[Brief]: Lines that include "graph" make up the answer; copy all of them from the data below.

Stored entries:
(* Consider the cone percolation process on $\mathbb{T}_d^+$ ($d\ge2$) with radius of influence distributed as $R$. Let $\rho$ be the smallest non-negative root of $\mathbb{E}(\rho^{d^R}) + (1-\rho)p_0 = \rho$, and let $\psi$ be the smallest non-negative root of $\mathbb{E}\big(\psi^{\frac{d}{d-1}(d^R-1)}\big) = \psi$. Then $$1-\rho \le \mathbb{P}_+[V] \le 1-\psi.$$
   Context: Let $d\ge 2$ and let $\mathbb{T}_d$ be the infinite tree in which every vertex has exactly $d+1$ neighbours. Fix a vertex $\mathcal{O}$ (the origin); $d(u,v)$ denotes graph distance. Write $u\le v$ if $u$ lies on the path from $\mathcal{O}$ to $v$ (so $\mathcal{O}\le v$ for all $v$). Fix a neighbour $w$ of $\mathcal{O}$ and let $\mathbb{T}_d^+$ be the subtree obtained by deleting all vertices $x$ with $w\le x$; in $\mathbb{T}_d^+$ every vertex $u$ has exactly $d$ neighbours $x$ with $u\le x$ (its children). Let $R$ be a random variable with values in $\{0,1,2,\dots\}$, $p_k=\mathbb{P}(R=k)$, and assume $p_0\in(0,1)$. Cone percolation on $G\in\{\mathbb{T}_d,\mathbb{T}_d^+\}$: to each vertex $u$ of $G$ attach an independent copy $R_u$ of $R$; let $B_u=\{v\in G: u\le v,\ d(u,v)\le R_u\}$; set $I_0=\{\mathcal{O}\}$, $I_{n+1}=\bigcup_{u\in I_n}B_u$ for $n\ge0$, $I=\bigcup_{n\ge0}I_n$, and let $V$ be the event $\{|I|=\infty\}$ (survival). $\mathbb{P}_+$ and $\mathbb{P}$ denote the probability measures of the process on $\mathbb{T}_d^+$ and on $\mathbb{T}_d$ respectively. Convention: $x^0=1$ for all $x\ge0$. *)

theory Defs
  imports "HOL-Probability.Probability"
begin

text \<open>Vertices of the rooted tree T_d^+: finite words over the alphabet {0..<d};
  the origin is the empty word, the children of u are u @ [i] for i < d.
  u \<le> v (u on the path from the origin to v) is the prefix relation, and for u \<le> v
  the graph distance d(u,v) equals length v - length u.\<close>

definition tree_plus :: "nat \<Rightarrow> nat list set" where
  "tree_plus d = {u. \<forall>i\<in>set u. i < d}"
theorem theorem5p5:
  fixes h :: real and n :: nat and lam p q r :: "nat \<Rightarrow> real"
  assumes hpos: "h > 0"
    and cyc: "is_cycle n lam"
    and nonsing: "\<And>k. lam k \<noteq> 1 / h \<and> lam k \<noteq> - 1 / h"
    and e1: "0 < \<bar>dexp h lam n\<bar>" "\<bar>dexp h lam n\<bar> \<noteq> 1"
    and e2: "0 < \<bar>dexp h (\<lambda>k. - lam k) n\<bar>" "\<bar>dexp h (\<lambda>k. - lam k) n\<bar> \<noteq> 1"
    and p_def: "\<And>k. p k = - lam (k + 2)"
    and q_def: "\<And>k. q k = dlt h lam (k + 1) - lam (k + 1) * lam (k + 2)"
    and r_def: "\<And>k. r k = dlt h (dlt h lam) k - lam (k + 1) * dlt h lam (k + 1)
                  - (lam (k + 1) + lam (k + 2)) * dlt h lam k + lam k * lam (k + 1) * lam (k + 2)"
  shows "hu_stable
           (\<lambda>y k. dlt h (dlt h (dlt h y)) k + p k * dlt h (dlt h y) k + q k * dlt h y k + r k * y k)
           (\<lambda>k. 0)
           ((K0 h n lam)\<^sup>2 * K0 h n (\<lambda>k. - lam k))"
proof -
  from cyc have n: "n \<ge> 1" and per: "\<And>k. lam (k + n) = lam k" by (auto simp: is_cycle_def)
  have nz: "1 + h * lam k \<noteq> 0" and nz_neg: "1 + h * - lam k \<noteq> 0" for k
    using nonsing[of k] hpos by (auto simp: field_simps)
  have shifted: "hu_stable_every_rhs (dlt_op h (\<lambda>k. lam (k + s))) (K0 h n lam)" for s
    using hu_stable_every_rhs_dlt_op[OF hpos n _ _, of "\<lambda>k. lam (k + s)"] per[of "_ + s"]
      nz K0_shift[where \<mu>=lam and n=n, OF n per nz] e1 by (simp add: ac_simps)
  have negated: "hu_stable_every_rhs (dlt_op h (\<lambda>k. - lam k)) (K0 h n (\<lambda>k. - lam k))"
    using hu_stable_every_rhs_dlt_op[OF hpos n _ nz_neg e2(2)] per by simp
  have "hu_stable_every_rhs
          (\<lambda>y. dlt_op h (\<lambda>k. lam (k + 2)) (dlt_op h (\<lambda>k. lam (k + 1)) (dlt_op h (\<lambda>k. - lam k) y)))
          (K0 h n (\<lambda>k. - lam k) * K0 h n lam * K0 h n lam)"
    by (intro hu_stable_every_rhs_comp[OF hu_stable_every_rhs_comp[OF negated]] shifted)
  moreover have "K0 h n lam > 0" and "K0 h n (\<lambda>k. - lam k) > 0"
    using K0_pos[OF hpos n] nz nz_neg e1 e2 by auto
  ultimately show ?thesis
    using dlt3_factorization[OF _ p_def q_def r_def] hpos
    by (intro hu_stable_if_every_rhs) (simp_all add: power2_eq_square ac_simps)
qed

end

[The completed task]:
   Context: Let $d\ge 2$ and let $\mathbb{T}_d$ be the infinite tree in which every vertex has exactly $d+1$ neighbours. Fix a vertex $\mathcal{O}$ (the origin); $d(u,v)$ denotes graph distance. Write $u\le v$ if $u$ lies on the path from $\mathcal{O}$ to $v$ (so $\mathcal{O}\le v$ for all $v$). Fix a neighbour $w$ of $\mathcal{O}$ and let $\mathbb{T}_d^+$ be the subtree obtained by deleting all vertices $x$ with $w\le x$; in $\mathbb{T}_d^+$ every vertex $u$ has exactly $d$ neighbours $x$ with $u\le x$ (its children). Let $R$ be a random variable with values in $\{0,1,2,\dots\}$, $p_k=\mathbb{P}(R=k)$, and assume $p_0\in(0,1)$. Cone percolation on $G\in\{\mathbb{T}_d,\mathbb{T}_d^+\}$: to each vertex $u$ of $G$ attach an independent copy $R_u$ of $R$; let $B_u=\{v\in G: u\le v,\ d(u,v)\le R_u\}$; set $I_0=\{\mathcal{O}\}$, $I_{n+1}=\bigcup_{u\in I_n}B_u$ for $n\ge0$, $I=\bigcup_{n\ge0}I_n$, and let $V$ be the event $\{|I|=\infty\}$ (survival). $\mathbb{P}_+$ and $\mathbb{P}$ denote the probability measures of the process on $\mathbb{T}_d^+$ and on $\mathbb{T}_d$ respectively. Convention: $x^0=1$ for all $x\ge0$. *)
  the graph distance d(u,v) equals length v - length u.\<close>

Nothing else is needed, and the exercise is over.